# Installation

## 1. Optional: create virtual env

```
python -m venv venv

venv/bin/activate

```

## 2. Install Repo

```
pip install .
```

Note, this does not include the finetuning notebook dependencies (pytorch, unsloth, etc.).

Note, if you want to re-run the data-processing (i.e. `/scripts` folder files), use an editable install instead (`pip intall -e .`)

## 3. Add OpenAI API key

Add a `.env` file in the project root (or just set it outside)

```
OPENAI_API_KEY=XXX
```

## 4. Use the CLI

The qualifier CLI is automatically installed:
```
ugfind https://notion.so
```

## 5. Use the qualified list for outreach

You find the csv (with an example copy) under `data/06_qualified.csv`.

# Notes

## 1. Signals for Usergems

Here are some UG signal ideas:
- From a list of signals, what would be the top 3 for a company, how well do they match/how relevant are they (the company description)?
    - Hi X, ... at UG we could give you the following 3 signals (that you can't get anywhere else):
        - S1
        - S2
        - S3
- Match closest customer
    - From a list of UG customers, who is the closest one?
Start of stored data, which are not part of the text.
lemma fourier_even:
  fixes f :: "real \<Rightarrow> real"
  assumes int: "set_integrable lborel {0<..} f" and even: "\<And>r. f (-r) = f r"
  shows "fourier f t = complex_of_real (2 * (LINT r:{0<..}|lborel. f r * cos (r * t)))"
proof -
  define g where "g r = indicator {0<..} r * f r" for r
  have "integrable lborel g"
    using int by (simp add: set_integrable_def g_def[abs_def])
  then have g_cis: "integrable lborel (\<lambda>r. complex_of_real (g r) * cis (r * s))" for s
    by (rule integrable_mult_cis)
  have reflect: "(LINT r|lborel. h (-r)) = (LINT r|lborel. h r)" for h :: "real \<Rightarrow> complex"
    using lborel_integral_real_affine[of "-1" h 0] by simp
  have g_reflected_cis: "integrable lborel (\<lambda>r. complex_of_real (g (-r)) * cis (r * t))"
    using lborel_integrable_real_affine_iff[of "-1" "\<lambda>r. complex_of_real (g r) * cis (r * (-t))" 0]
      g_cis[of "-t"] by simp
  have "fourier f t = (LINT r|lborel. complex_of_real (g r) * cis (r * t) + complex_of_real (g (-r)) * cis (r * t))"
    unfolding fourier_def
  proof (rule integral_discrete_difference[where X="{0}"])
    fix r :: real
    assume "r \<notin> {0}"
    then have "f r = g r + g (-r)"
      using even[of r] by (auto simp: g_def indicator_def)
    then show "complex_of_real (f r) * cis (r * t)
        = complex_of_real (g r) * cis (r * t) + complex_of_real (g (-r)) * cis (r * t)"
      by (simp add: distrib_right)
  qed auto
  also have "\<dots> = (LINT r|lborel. complex_of_real (g r) * cis (r * t))
      + (LINT r|lborel. complex_of_real (g r) * cis (r * (-t)))"
    using g_cis[of t] g_reflected_cis reflect[of "\<lambda>r. complex_of_real (g r) * cis (r * (-t))"] by simp
  also have "\<dots> = (LINT r|lborel. complex_of_real (g r) * cis (r * t) + complex_of_real (g r) * cis (r * (-t)))"
    by (rule Bochner_Integration.integral_add[symmetric, OF g_cis g_cis])
  also have "\<dots> = (LINT r|lborel. complex_of_real (2 * (g r * cos (r * t))))"
    by (rule Bochner_Integration.integral_cong) (auto simp: complex_eq_iff)
  also have "\<dots> = complex_of_real (LINT r|lborel. 2 * (g r * cos (r * t)))"
    by (rule integral_complex_of_real)
  finally show ?thesis
    by (simp add: g_def set_lebesgue_integral_def mult.assoc)
qed

section \<open>The exponential integral\<close>

lemma
  fixes z :: real
  shows exp_neg_integrable_Ioi: "set_integrable lborel {z<..} (\<lambda>s. exp (-s))"
    and exp_neg_integral_Ioi: "(LINT s:{z<..}|lborel. exp (-s)) = exp (-z)"
proof -
  have lim_z: "(((\<lambda>s. - exp (-s)) \<circ> real_of_ereal) \<longlongrightarrow> - exp (-z)) (at_right (ereal z))"
    unfolding ereal_tendsto_simps1 by (intro tendsto_intros)
  have lim_inf: "(((\<lambda>s. - exp (-s)) \<circ> real_of_ereal) \<longlongrightarrow> 0) (at_left \<infinity>)"
    unfolding ereal_tendsto_simps1 by real_asymp
  note FTC = interval_integral_FTC_nonneg[where f="\<lambda>s. exp (-s)", OF _ _ _ _ lim_z lim_inf]
  have "set_integrable lborel (einterval z \<infinity>) (\<lambda>s. exp (-s))"
    by (rule FTC(1)) (auto intro!: derivative_eq_intros)
  then show "set_integrable lborel {z<..} (\<lambda>s. exp (-s))" by simp
  have "(LBINT s=ereal z..\<infinity>. exp (-s)) = 0 - (- exp (-z))"
    by (rule FTC(2)) (auto intro!: derivative_eq_intros)
  then show "(LINT s:{z<..}|lborel. exp (-s)) = exp (-z)"
    by (simp add: interval_integral_to_infinity_eq)
qed

lemma E1_eq_set_integral: "E1 z = (LINT s:{z<..}|lborel. exp (-s) / s)"
  by (simp add: E1_def interval_integral_to_infinity_eq)

lemma E1_integrable: "0 < z \<Longrightarrow> set_integrable lborel {z<..} (\<lambda>s::real. exp (-s) / s)"
proof (rule set_integrable_bound[where f="\<lambda>s. exp (-s) / z"])
  assume "0 < z"
  show "set_integrable lborel {z<..} (\<lambda>s. exp (-s) / z)"
    using exp_neg_integrable_Ioi[of z] by (simp add: set_integrable_divide)
  show "set_borel_measurable lborel {z<..} (\<lambda>s. exp (-s) / s)"
    unfolding set_borel_measurable_def by measurable
  show "AE s in lborel. s \<in> {z<..} \<longrightarrow> norm (exp (-s) / s) \<le> norm (exp (-s) / z)"
    using \<open>0 < z\<close> by (auto intro!: AE_I2 frac_le)
qed

lemma E1_nonneg: "0 < z \<Longrightarrow> 0 \<le> E1 z"
  unfolding E1_eq_set_integral set_lebesgue_integral_def
  by (intro integral_nonneg_AE AE_I2) (auto split: split_indicator)

lemma E1_le: "0 < z \<Longrightarrow> E1 z \<le> exp (-z) / z"
proof -
  assume z: "0 < z"
  have "E1 z \<le> (LINT s:{z<..}|lborel. exp (-s) / z)"
    unfolding E1_eq_set_integral using z E1_integrable[OF z] exp_neg_integrable_Ioi[of z]
    by (intro set_integral_mono) (auto intro!: divide_left_mono simp: set_integrable_divide)
  then show ?thesis by (simp add: exp_neg_integral_Ioi)
qed

lemma E1_eq_E1_1_minus: "0 < z \<Longrightarrow> E1 z = E1 1 - (LBINT s=ereal 1..ereal z. exp (-s) / s)"
proof -
  assume z: "0 < z"
  have "interval_lebesgue_integrable lborel (min (ereal z) (min (ereal 1) \<infinity>))
      (max (ereal z) (max (ereal 1) \<infinity>)) (\<lambda>s. exp (-s) / s)"
    using E1_integrable[OF z] E1_integrable[OF zero_less_one]
    by (auto simp: interval_integrable_to_infinity_eq min_def)
  from interval_integral_sum[OF this] show ?thesis
    unfolding E1_def by (subst (asm) interval_integral_endpoints_reverse) simp
qed

lemma E1_has_derivative: "0 < z \<Longrightarrow> (E1 has_real_derivative - (exp (-z) / z)) (at z)"
proof -
  assume z: "0 < z"
  define a where "a = min 1 (z/2)"
  define b where "b = max 1 (z+1)"
  have ab: "0 < a" "a \<le> 1" "1 \<le> b" "a < z" "z < b" using z by (auto simp: a_def b_def)
  have "((\<lambda>u. LBINT s=ereal 1..ereal u. exp (-s) / s) has_vector_derivative exp (-z) / z)
      (at z within {a..b})"
    using ab by (intro interval_integral_FTC2) (auto intro!: continuous_intros)
  then have "((\<lambda>u. LBINT s=ereal 1..ereal u. exp (-s) / s) has_real_derivative exp (-z) / z) (at z)"
    using ab by (simp add: at_within_Icc_at has_real_derivative_iff_has_vector_derivative)
  then have deriv: "((\<lambda>u. E1 1 - (LBINT s=ereal 1..ereal u. exp (-s) / s)) has_real_derivative
      - (exp (-z) / z)) (at z)"
    by (auto intro!: derivative_eq_intros)
  have eq: "E1 1 - (LBINT s=ereal 1..ereal u. exp (-s) / s) = E1 u" if "u \<in> {0<..}" for u
    using that E1_eq_E1_1_minus[of u] by simp
  show ?thesis
    by (rule has_field_derivative_transform_within_open[OF deriv open_greaterThan _ eq]) (use z in simp)
qed

lemma isCont_E1: "0 < z \<Longrightarrow> isCont E1 z"
  using E1_has_derivative DERIV_isCont by blast

lemma E1_le_ln: "0 < z \<Longrightarrow> z < 1 \<Longrightarrow> E1 z \<le> E1 1 - ln z"
proof -
  assume z: "0 < z" "z < 1"
  have "(LBINT s=ereal z..ereal 1. exp (-s) / s) \<le> (LBINT s=ereal z..ereal 1. 1 / s)"
  proof -
    have "set_integrable lborel {z<..<1} (\<lambda>s. exp (-s) / s)"
      and "set_integrable lborel {z<..<1} (\<lambda>s. 1 / s)"
      using interval_integrable_isCont[of z 1 "\<lambda>s. exp (-s) / s"]
        interval_integrable_isCont[of z 1 "\<lambda>s. 1 / s"] z
      by (auto intro!: continuous_intros simp: interval_lebesgue_integrable_def)
    then show ?thesis using z
      by (simp add: interval_lebesgue_integral_le_eq)
        (rule set_integral_mono, auto intro!: divide_right_mono)
  qed
  also have "(LBINT s=ereal z..ereal 1. 1 / s) = ln 1 - ln z"
    using z by (intro interval_integral_FTC_finite)
      (auto intro!: continuous_intros derivative_eq_intros
        simp: has_real_derivative_iff_has_vector_derivative[symmetric])
  moreover have "E1 z = E1 1 + (LBINT s=ereal z..ereal 1. exp (-s) / s)"
    using E1_eq_E1_1_minus[OF z(1)] by (subst interval_integral_endpoints_reverse) simp
  ultimately show ?thesis by simp
qed

section \<open>The complementary error function\<close>

lemma gaussian_integrable_Ioi: "set_integrable lborel {0<..} (\<lambda>s::real. exp (-(s\<^sup>2)))"
  and gaussian_integral_Ioi: "(LINT s:{0<..}|lborel. exp (-((s::real)\<^sup>2))) = sqrt pi / 2"
proof -
  have gauss: "has_bochner_integral lborel (\<lambda>s. indicator {0..} s *\<^sub>R exp (- s\<^sup>2)) (sqrt pi / 2)"
    by (rule gaussian_moment_0)
  then have "set_integrable lborel {0..} (\<lambda>s::real. exp (-(s\<^sup>2)))"
    unfolding set_integrable_def has_bochner_integral_iff by simp
  then show "set_integrable lborel {0<..} (\<lambda>s::real. exp (-(s\<^sup>2)))"
    by (rule set_integrable_subset) auto
  have "(LINT s:{0<..}|lborel. exp (-((s::real)\<^sup>2))) = (LINT s:{0..}|lborel. exp (-(s\<^sup>2)))"
    using AE_lborel_singleton[of 0]
    by (intro set_integral_cong_set) (auto simp: set_borel_measurable_def elim: eventually_mono)
  also have "\<dots> = sqrt pi / 2"
    using gauss by (simp add: set_lebesgue_integral_def has_bochner_integral_integral_eq)
  finally show "(LINT s:{0<..}|lborel. exp (-((s::real)\<^sup>2))) = sqrt pi / 2" .
qed

lemma erfc_eq_1_minus_integral: "erfc u = 1 - 2 / sqrt pi * (LBINT s=ereal 0..ereal u. exp (-(s\<^sup>2)))"
proof -
  have "interval_lebesgue_integrable lborel (ereal a) (ereal b) (\<lambda>s. exp (-(s\<^sup>2)))" for a b
    by (intro interval_integrable_isCont) (auto intro!: continuous_intros)
  then have "interval_lebesgue_integrable lborel (min (ereal (-u)) (min (ereal 0) (ereal u)))
      (max (ereal (-u)) (max (ereal 0) (ereal u))) (\<lambda>s. exp (-(s\<^sup>2)))"
    by (simp add: min_def max_def)
  from interval_integral_sum[OF this]
  have "(LBINT s=ereal (-u)..ereal u. exp (-(s\<^sup>2)))
      = (LBINT s=ereal (-u)..ereal 0. exp (-(s\<^sup>2))) + (LBINT s=ereal 0..ereal u. exp (-(s\<^sup>2)))"
    by simp
  also have "(LBINT s=ereal (-u)..ereal 0. exp (-(s\<^sup>2))) = (LBINT s=ereal 0..ereal u. exp (-(s\<^sup>2)))"
    by (subst interval_integral_reflect) simp
  finally show ?thesis unfolding erfc_def by simp
qed

lemma erfc_has_derivative: "(erfc has_real_derivative - 2 / sqrt pi * exp (-(x\<^sup>2))) (at x)"
proof -
  define a where "a = min 0 (x - 1)"
  define b where "b = max 0 (x + 1)"
  have ab: "a \<le> 0" "0 \<le> b" "a < x" "x < b" by (auto simp: a_def b_def)
  have "((\<lambda>u. LBINT s=ereal 0..ereal u. exp (-(s\<^sup>2))) has_vector_derivative exp (-(x\<^sup>2)))
      (at x within {a..b})"
    using ab by (intro interval_integral_FTC2) (auto intro!: continuous_intros)
  then have "((\<lambda>u. LBINT s=ereal 0..ereal u. exp (-(s\<^sup>2))) has_real_derivative exp (-(x\<^sup>2))) (at x)"
    using ab by (simp add: at_within_Icc_at has_real_derivative_iff_has_vector_derivative)
  then show ?thesis
    unfolding erfc_eq_1_minus_integral[abs_def]
    by (auto intro!: derivative_eq_intros simp: field_simps real_sqrt_mult_self)
qed

lemma erfc_0 [simp]: "erfc 0 = 1"
  by (simp add: erfc_eq_1_minus_integral)

lemma erfc_le_1: "0 \<le> u \<Longrightarrow> erfc u \<le> 1"
  unfolding erfc_eq_1_minus_integral
  by (simp add: interval_lebesgue_integral_le_eq set_lebesgue_integral_def)

lemma erfc_eq_tail: "0 \<le> u \<Longrightarrow> erfc u = 2 / sqrt pi * (LINT s:{u<..}|lborel. exp (-(s\<^sup>2)))"
proof -
  assume u: "0 \<le> u"
  have "interval_lebesgue_integrable lborel (min (ereal 0) (min (ereal u) \<infinity>))
      (max (ereal 0) (max (ereal u) \<infinity>)) (\<lambda>s. exp (-(s\<^sup>2)))"
    using u gaussian_integrable_Ioi by (simp add: interval_integrable_to_infinity_eq)
  from interval_integral_sum[OF this]
  have "(LBINT s=ereal 0..ereal u. exp (-(s\<^sup>2))) + (LINT s:{u<..}|lborel. exp (-(s\<^sup>2)))
      = sqrt pi / 2"
    by (simp add: interval_integral_to_infinity_eq gaussian_integral_Ioi)
  then show ?thesis
    by (simp add: erfc_eq_1_minus_integral field_simps)
qed

lemma erfc_nonneg: "0 \<le> u \<Longrightarrow> 0 \<le> erfc u"
  by (simp add: erfc_eq_tail set_lebesgue_integral_def integral_nonneg_AE)

lemma gaussian_first_moment_Ioi:
  fixes u :: real
  assumes "0 \<le> u"
  shows "set_integrable lborel {u<..} (\<lambda>s. s * exp (-(s\<^sup>2)))"
    and "(LINT s:{u<..}|lborel. s * exp (-(s\<^sup>2))) = exp (-(u\<^sup>2)) / 2"
proof -
  have lim_u: "(((\<lambda>s. - exp (-(s\<^sup>2)) / 2) \<circ> real_of_ereal) \<longlongrightarrow> - exp (-(u\<^sup>2)) / 2) (at_right (ereal u))"
    unfolding ereal_tendsto_simps1 by (auto intro!: tendsto_intros)
  have lim_inf: "(((\<lambda>s. - exp (-(s\<^sup>2)) / 2) \<circ> real_of_ereal) \<longlongrightarrow> 0) (at_left \<infinity>)"
    unfolding ereal_tendsto_simps1 by real_asymp
  note FTC = interval_integral_FTC_nonneg[where f="\<lambda>s. s * exp (-(s\<^sup>2))", OF _ _ _ _ lim_u lim_inf]
  have "set_integrable lborel (einterval u \<infinity>) (\<lambda>s. s * exp (-(s\<^sup>2)))"
    by (rule FTC(1)) (use assms in \<open>auto intro!: derivative_eq_intros\<close>)
  then show "set_integrable lborel {u<..} (\<lambda>s. s * exp (-(s\<^sup>2)))" by simp
  have "(LBINT s=ereal u..\<infinity>. s * exp (-(s\<^sup>2))) = 0 - (- exp (-(u\<^sup>2)) / 2)"
    by (rule FTC(2)) (use assms in \<open>auto intro!: derivative_eq_intros\<close>)
  then show "(LINT s:{u<..}|lborel. s * exp (-(s\<^sup>2))) = exp (-(u\<^sup>2)) / 2"
    by (simp add: interval_integral_to_infinity_eq)
qed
And then match up (and qualify if it's a good match)
    - Hi X, we work with {company name}, who similar to you is doing X. They use UG for Y. Want to check it out?
- Relying on jobs
     - are they hiring?
     - are they hiring AE/SDRs?
     - new sales inititiatives?
     - are they advertising in their jobs any of the tools you integrate with?
- Do they have a product / service that needs a sales team (i.e. not self serve)
    - can't use this in copy, but gets rid of "university press", gets rid of not launched products, gets rid of self-serve products
     
     
From a business perspective, finetuning (a local model) is not worth it in this case.
- 60k companies -- not that much cost savings


## After manually reviewing first 20 sites (CS)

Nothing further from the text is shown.